Charles Davidson’s choral song cycle, I Never Saw Another Butterfly (1968), is one of many Holocaust-inspired musical works related to the Theresienstadt (Terezin) experience. It is also one of a number of settings, by various composers, of poems from the collection of the same title (in its 1964 English-language edition)—poems written by Jewish children imprisoned in that former walled city turned transit-concentration camp as they awaited removal to death camps. Davidson saw in these poems the artistic potential of a serious choral work that would in no way trivialize the Holocaust or the barbarity symbolized by Terezin. For this is no simplistic, meek victims’ memorial, nor is it an aesthetically enhanced so-called commemoration of an event in history that has no place for aesthetic value on its own terms. Rather, it is a dramatic reminder to the world—by virtue of the childlike innocence and naïve hope expressed in the resolute courage of those young poets—of the depth of the unredeemable, savage brutality of the German and German-led death machine that sought nothing less than the annihilation of the Jewish people and its children. It is, of course, also the composer’s way of providing remembrance for these children, most of whose lives were extinguished soon after their poetry was written and who thus have no descendants—in emblematic Judaic terms, "no one to say kaddish for them.
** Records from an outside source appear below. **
(* Let $\mathcal H$ be as in the context, a graded algebra satisfying axioms ($m0$)–($m3$). Then for $f\in C\subseteq P_n$ and $g\in C'\subseteq P_m$ ($C,C'$ connected components), $$M_f\cdot M_g=\sum_{h\in P_{n+m}}|A^h_{f,g}|\,M_h,$$ where $A^h_{f,g}$ is the set of $\zeta\in Sh(C,C')$ such that $\zeta(f,g)\le h$ and such that, whenever $f'\ge f$ in $C$ and $g'\ge g$ in $C'$ satisfy $\zeta(f',g')\le h$, we have $f'=f$ and $g'=g$. In particular the structure constants are nonnegative integers.
   Context: For each $n\ge0$ let $P_n$ be a finite poset; connected components of $P_n$ are those of its Hasse diagram. $\mathcal H=\bigoplus_n\mathcal H_n$ is a graded vector space with $\mathcal H_n$ having basis $\{F_f:f\in P_n\}$, and the basis $\{M_f\}$ is defined by $F_f=\sum_{g\in P_n,\,g\ge f}M_g$. A shuffle on components $C\subseteq P_n$, $C'\subseteq P_m$ is a function $\zeta:C\times C'\to P_{n+m}$. Assume that for each ordered pair of components $(C,C')$ there is a set $Sh(C,C')$ of shuffles such that: ($m0$) any two elements in the same connected component of $P_n$ have a least upper bound $\vee$; ($m1$) $\mathcal H$ is an algebra and $F_fF_g=\sum_{\zeta\in Sh(C,C')}F_{\zeta(f,g)}$ for $f\in C$, $g\in C'$; ($m2$) for $f\le f'$ in $C$, $g\le g'$ in $C'$ and $\zeta\in Sh(C,C')$, $\zeta(f,g)\le\zeta(f',g')$; ($m3$) for $f_1,f_2\in C$, $g_1,g_2\in C'$ and $\zeta\in Sh(C,C')$, $\zeta(f_1\vee f_2,g_1\vee g_2)\le\zeta(f_1,g_1)\vee\zeta(f_2,g_2)$. *)

theory Defs
  imports Main "HOL.Vector_Spaces" "HOL-Library.FuncSet"
begin

definition covers :: "('a \<Rightarrow> 'a \<Rightarrow> bool) \<Rightarrow> 'a set \<Rightarrow> 'a \<Rightarrow> 'a \<Rightarrow> bool" where
  "covers le P x y \<longleftrightarrow> x \<in> P \<and> y \<in> P \<and> le x y \<and> x \<noteq> y \<and>
     \<not> (\<exists>z\<in>P. le x z \<and> le z y \<and> z \<noteq> x \<and> z \<noteq> y)"

definition hasse_rel :: "('a \<Rightarrow> 'a \<Rightarrow> bool) \<Rightarrow> 'a set \<Rightarrow> ('a \<times> 'a) set" where
  "hasse_rel le P = {(x, y). covers le P x y}"

definition is_component :: "('a \<Rightarrow> 'a \<Rightarrow> bool) \<Rightarrow> 'a set \<Rightarrow> 'a set \<Rightarrow> bool" where
  "is_component le P C \<longleftrightarrow> C \<in> P // ((hasse_rel le P \<union> (hasse_rel le P)\<inverse>)\<^sup>*)"

definition partial_order_on_set :: "('a \<Rightarrow> 'a \<Rightarrow> bool) \<Rightarrow> 'a set \<Rightarrow> bool" where
  "partial_order_on_set le P \<longleftrightarrow>
     (\<forall>x\<in>P. le x x) \<and>
     (\<forall>x\<in>P. \<forall>y\<in>P. le x y \<and> le y x \<longrightarrow> x = y) \<and>
     (\<forall>x\<in>P. \<forall>y\<in>P. \<forall>z\<in>P. le x y \<and> le y z \<longrightarrow> le x z)"

definition is_lub :: "('a \<Rightarrow> 'a \<Rightarrow> bool) \<Rightarrow> 'a set \<Rightarrow> 'a \<Rightarrow> 'a \<Rightarrow> 'a \<Rightarrow> bool" where
  "is_lub le P x y z \<longleftrightarrow> z \<in> P \<and> le x z \<and> le y z \<and> (\<forall>w\<in>P. le x w \<and> le y w \<longrightarrow> le z w)"

definition join :: "('a \<Rightarrow> 'a \<Rightarrow> bool) \<Rightarrow> 'a set \<Rightarrow> 'a \<Rightarrow> 'a \<Rightarrow> 'a" where
  "join le P x y = (THE z. is_lub le P x y z)"

definition Aset :: "('a \<Rightarrow> 'a \<Rightarrow> bool) \<Rightarrow> ('a set \<Rightarrow> 'a set \<Rightarrow> ('a \<times> 'a \<Rightarrow> 'a) set)
    \<Rightarrow> 'a set \<Rightarrow> 'a set \<Rightarrow> 'a \<Rightarrow> 'a \<Rightarrow> 'a \<Rightarrow> ('a \<times> 'a \<Rightarrow> 'a) set" where
  "Aset le Sh C C' f g h = {\<zeta> \<in> Sh C C'. le (\<zeta> (f, g)) h \<and>
      (\<forall>f'\<in>C. \<forall>g'\<in>C'. le f f' \<and> le g g' \<and> le (\<zeta> (f', g')) h \<longrightarrow> f' = f \<and> g' = g)}"

end

theory Submission
  imports Defs
begin

text \<open>
  Write \<open>U(f, g)\<close> for the up-set of \<open>(f, g)\<close> in the product order on \<open>C \<times> C'\<close>. Expanding both
  factors, \<open>F f F g\<close> is the sum of \<open>M f' M g'\<close> over \<open>U(f, g)\<close>; by (m1) it is also the sum over
  shuffles \<open>\<zeta>\<close> and over \<open>h \<ge> \<zeta>(f, g)\<close> of \<open>M h\<close>. For fixed \<open>\<zeta>\<close> and \<open>h\<close>, (m0) and (m3) make the
  pairs \<open>p\<close> with \<open>\<zeta> p \<le> h\<close> a directed set, so it has at most one maximal element, and by (m2)
  that element lies in \<open>U(f, g)\<close> exactly when \<open>\<zeta>(f, g) \<le> h\<close>. Hence the claimed right-hand side,
  summed over \<open>U(f, g)\<close>, also gives \<open>F f F g\<close>; as this holds for every pair, Moebius inversion
  on the finite poset \<open>C \<times> C'\<close> identifies it with \<open>M f M g\<close>.
\<close>

lemma partial_order_on_setD:
  assumes "partial_order_on_set le P"
  shows "x \<in> P \<Longrightarrow> le x x"
    and "x \<in> P \<Longrightarrow> y \<in> P \<Longrightarrow> le x y \<Longrightarrow> le y x \<Longrightarrow> x = y"
    and "x \<in> P \<Longrightarrow> y \<in> P \<Longrightarrow> z \<in> P \<Longrightarrow> le x y \<Longrightarrow> le y z \<Longrightarrow> le x z"
  using assms unfolding partial_order_on_set_def by blast+

lemma partial_order_on_setI:
  assumes "\<And>x. x \<in> P \<Longrightarrow> le x x"
    and "\<And>x y. x \<in> P \<Longrightarrow> y \<in> P \<Longrightarrow> le x y \<Longrightarrow> le y x \<Longrightarrow> x = y"
    and "\<And>x y z. x \<in> P \<Longrightarrow> y \<in> P \<Longrightarrow> z \<in> P \<Longrightarrow> le x y \<Longrightarrow> le y z \<Longrightarrow> le x z"
  shows "partial_order_on_set le P"
  using assms unfolding partial_order_on_set_def by blast

lemma partial_order_on_set_subset:
  "partial_order_on_set le P \<Longrightarrow> Q \<subseteq> P \<Longrightarrow> partial_order_on_set le Q"
  unfolding partial_order_on_set_def by blast

lemma join_eq:
  assumes "partial_order_on_set le P" "is_lub le P x y z"
  shows "join le P x y = z"
  unfolding join_def
proof (rule the_equality)
  fix z' assume "is_lub le P x y z'"
  with assms show "z' = z"
    unfolding is_lub_def using partial_order_on_setD(2)[OF assms(1)] by blast
qed fact

lemma le_imp_rtrancl_hasse_rel:
  assumes fin: "finite P" and po: "partial_order_on_set le P"
  shows "x \<in> P \<Longrightarrow> y \<in> P \<Longrightarrow> le x y \<Longrightarrow> (x, y) \<in> (hasse_rel le P)\<^sup>*"
proof (induction "card {w \<in> P. le x w \<and> le w y}" arbitrary: x y rule: less_induct)
  case less
  note refl = partial_order_on_setD(1)[OF po] and antisym = partial_order_on_setD(2)[OF po]
    and trans = partial_order_on_setD(3)[OF po]
  consider "x = y" | "covers le P x y" | z where "z \<in> P" "le x z" "le z y" "z \<noteq> x" "z \<noteq> y"
    using less.prems unfolding covers_def by blast
  then show ?case
  proof cases
    case 3
    have "card {w \<in> P. le x w \<and> le w z} < card {w \<in> P. le x w \<and> le w y}"
    proof (rule psubset_card_mono)
      show "{w \<in> P. le x w \<and> le w z} \<subset> {w \<in> P. le x w \<and> le w y}"
        using 3 less.prems refl antisym trans[of _ z y] by blast
    qed (use fin in simp)
    then have "(x, z) \<in> (hasse_rel le P)\<^sup>*" using less.hyps less.prems 3 by blast
    moreover have "card {w \<in> P. le z w \<and> le w y} < card {w \<in> P. le x w \<and> le w y}"
    proof (rule psubset_card_mono)
      show "{w \<in> P. le z w \<and> le w y} \<subset> {w \<in> P. le x w \<and> le w y}"
        using 3 less.prems refl antisym trans[of x z] by blast
    qed (use fin in simp)
    then have "(z, y) \<in> (hasse_rel le P)\<^sup>*" using less.hyps less.prems 3 by blast
    ultimately show ?thesis by (rule rtrancl_trans)
  qed (auto simp: hasse_rel_def)
qed

lemma component_subset:
  assumes "is_component le P D"
  shows "D \<subseteq> P"
proof
  fix x assume "x \<in> D"
  from assms obtain c where c: "c \<in> P" "D = (hasse_rel le P \<union> (hasse_rel le P)\<inverse>)\<^sup>* `` {c}"
    unfolding is_component_def by (auto elim: quotientE)
  with \<open>x \<in> D\<close> have "(c, x) \<in> (hasse_rel le P \<union> (hasse_rel le P)\<inverse>)\<^sup>*" by auto
  then show "x \<in> P"
    using c(1) by (induction rule: rtrancl_induct) (auto simp: hasse_rel_def covers_def)
qed

lemma component_closed_comparable:
  assumes D: "is_component le P D" and "finite P" "partial_order_on_set le P"
    and "x \<in> D" "y \<in> P" "le x y \<or> le y x"
  shows "y \<in> D"
proof -
  let ?E = "(hasse_rel le P \<union> (hasse_rel le P)\<inverse>)\<^sup>*"
  have "x \<in> P" using component_subset[OF D] assms(4) by blast
  then have "(x, y) \<in> (hasse_rel le P)\<^sup>* \<or> (y, x) \<in> (hasse_rel le P)\<^sup>*"
    using le_imp_rtrancl_hasse_rel[OF assms(2,3)] assms(5,6) by blast
  then have "(x, y) \<in> (hasse_rel le P)\<^sup>* \<or> (x, y) \<in> ((hasse_rel le P)\<inverse>)\<^sup>*"
    by (simp add: rtrancl_converse)
  then have xy: "(x, y) \<in> ?E" by (rule in_rtrancl_UnI)
  obtain c where c: "D = ?E `` {c}"
    using D unfolding is_component_def by (auto elim: quotientE)
  with assms(4) have "(c, x) \<in> ?E" by blast
  then have "(c, y) \<in> ?E" using xy by (rule rtrancl_trans)
  then show ?thesis using c by blast
qed

lemma ex_component_containing:
  "h \<in> P \<Longrightarrow> \<exists>D. is_component le P D \<and> h \<in> D"
  unfolding is_component_def by (auto intro: quotientI)

definition prod_le :: "('a \<Rightarrow> 'a \<Rightarrow> bool) \<Rightarrow> ('b \<Rightarrow> 'b \<Rightarrow> bool) \<Rightarrow> 'a \<times> 'b \<Rightarrow> 'a \<times> 'b \<Rightarrow> bool" where
  "prod_le le1 le2 p q \<longleftrightarrow> le1 (fst p) (fst q) \<and> le2 (snd p) (snd q)"

lemma partial_order_on_set_prod_le:
  assumes A: "partial_order_on_set le1 A" and B: "partial_order_on_set le2 B"
  shows "partial_order_on_set (prod_le le1 le2) (A \<times> B)"
proof (rule partial_order_on_setI)
  fix p q r assume "p \<in> A \<times> B" "q \<in> A \<times> B" "r \<in> A \<times> B"
  then have "fst p \<in> A" "fst q \<in> A" "fst r \<in> A" "snd p \<in> B" "snd q \<in> B" "snd r \<in> B"
    by auto
  note A' = partial_order_on_setD[OF A] and B' = partial_order_on_setD[OF B]
  show "prod_le le1 le2 p p" unfolding prod_le_def using A'(1) B'(1) \<open>fst p \<in> A\<close> \<open>snd p \<in> B\<close> by blast
  show "prod_le le1 le2 p q \<Longrightarrow> prod_le le1 le2 q p \<Longrightarrow> p = q"
    unfolding prod_le_def using A'(2) B'(2) \<open>fst p \<in> A\<close> \<open>fst q \<in> A\<close> \<open>snd p \<in> B\<close> \<open>snd q \<in> B\<close>
    by (simp add: prod_eq_iff)
  show "prod_le le1 le2 p q \<Longrightarrow> prod_le le1 le2 q r \<Longrightarrow> prod_le le1 le2 p r"
    unfolding prod_le_def using A'(3) B'(3) \<open>fst p \<in> A\<close> \<open>fst q \<in> A\<close> \<open>fst r \<in> A\<close>
      \<open>snd p \<in> B\<close> \<open>snd q \<in> B\<close> \<open>snd r \<in> B\<close> by blast
qed

definition maximal_in :: "('a \<Rightarrow> 'a \<Rightarrow> bool) \<Rightarrow> 'a set \<Rightarrow> 'a \<Rightarrow> bool" where
  "maximal_in le T q \<longleftrightarrow> q \<in> T \<and> (\<forall>r\<in>T. le q r \<longrightarrow> r = q)"

lemma finite_directed_has_greatest:
  assumes "finite T" "T \<noteq> {}" "partial_order_on_set le T"
    and directed: "\<And>p q. p \<in> T \<Longrightarrow> q \<in> T \<Longrightarrow> \<exists>r\<in>T. le p r \<and> le q r"
  shows "\<exists>g\<in>T. \<forall>t\<in>T. le t g"
proof -
  have "\<exists>g\<in>T. \<forall>t\<in>S. le t g" if "S \<subseteq> T" "S \<noteq> {}" for S
    using finite_subset[OF that(1) assms(1)] that(2,1)
  proof (induction S rule: finite_ne_induct)
    case (singleton x)
    then show ?case using partial_order_on_setD(1)[OF assms(3)] by blast
  next
    case (insert x S)
    then obtain g where "g \<in> T" "\<forall>t\<in>S. le t g" by blast
    moreover obtain r where "r \<in> T" "le x r" "le g r"
      using directed[of x g] insert.prems \<open>g \<in> T\<close> by blast
    ultimately show ?case
      using partial_order_on_setD(3)[OF assms(3)] insert.prems by blast
  qed
  then show ?thesis using assms(2) by blast
qed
But its deeper significance may be its function as a document of the essence of sheer, unalloyed evil, personified by the Germans and their collaborators in their destruction of European Jewry and Jewish life—facilitated by all those whose action might have made some difference but who remained disinterested or silent, vocally or militarily.
Commissioned by the East End Synagogue in Long Beach, New York, I Never Saw Another Butterfly was composed originally for a three-to-five-part choir of boys’ voices. It is dedicated to the Columbus Boychoir, in Princeton, New Jersey, since renamed the American Boychoir, which has performed the work at concerts throughout North America and Europe. It can be performed with equal success, however, by other types of treble choirs—girls’ voices, or boys’ and girls’ voices in combination.
The work comprises settings of twelve poems, preceded by a Preludium, "Night in the Ghetto. The poetry and its musical expression are filled with poignant sentiments of bleakness and fear, as well as touching references to deprivation and longing—all tempered by youthful resilience—and the music echoes in its most lyrical moments the universally typical spirits of children rather than mature lugubriousness or a sense of doom. That the poems might not on their surface reflect the full reality of the surreal horror of the situation, nor acknowledge the certainty of the eventual murder that awaited most of the children only heightens for us some of the more deeply layered subtexts of the genocide and of the perversity that could perceive some mortal threat in these children’s very lives.
In 1988 the original piano accompaniment was orchestrated by the British composer and conductor Donald Fraser for a performance and recording by the American Boychoir at Princeton University’s Richardson Auditorium. That choir has also frequently performed the work in a staged presentation created by the Broadway stage director Dennis Rosa. In addition, the work has received, in the aggregate, more than 2,500 performances throughout the world by many non-Jewish (including public school and church) as well as Jewish children’s and youth choirs during the more than forty years since its completion. Among these have been several presentations at the Vatican in the presence of the Pope and those at the Capitol Rotunda in Washington, D.C.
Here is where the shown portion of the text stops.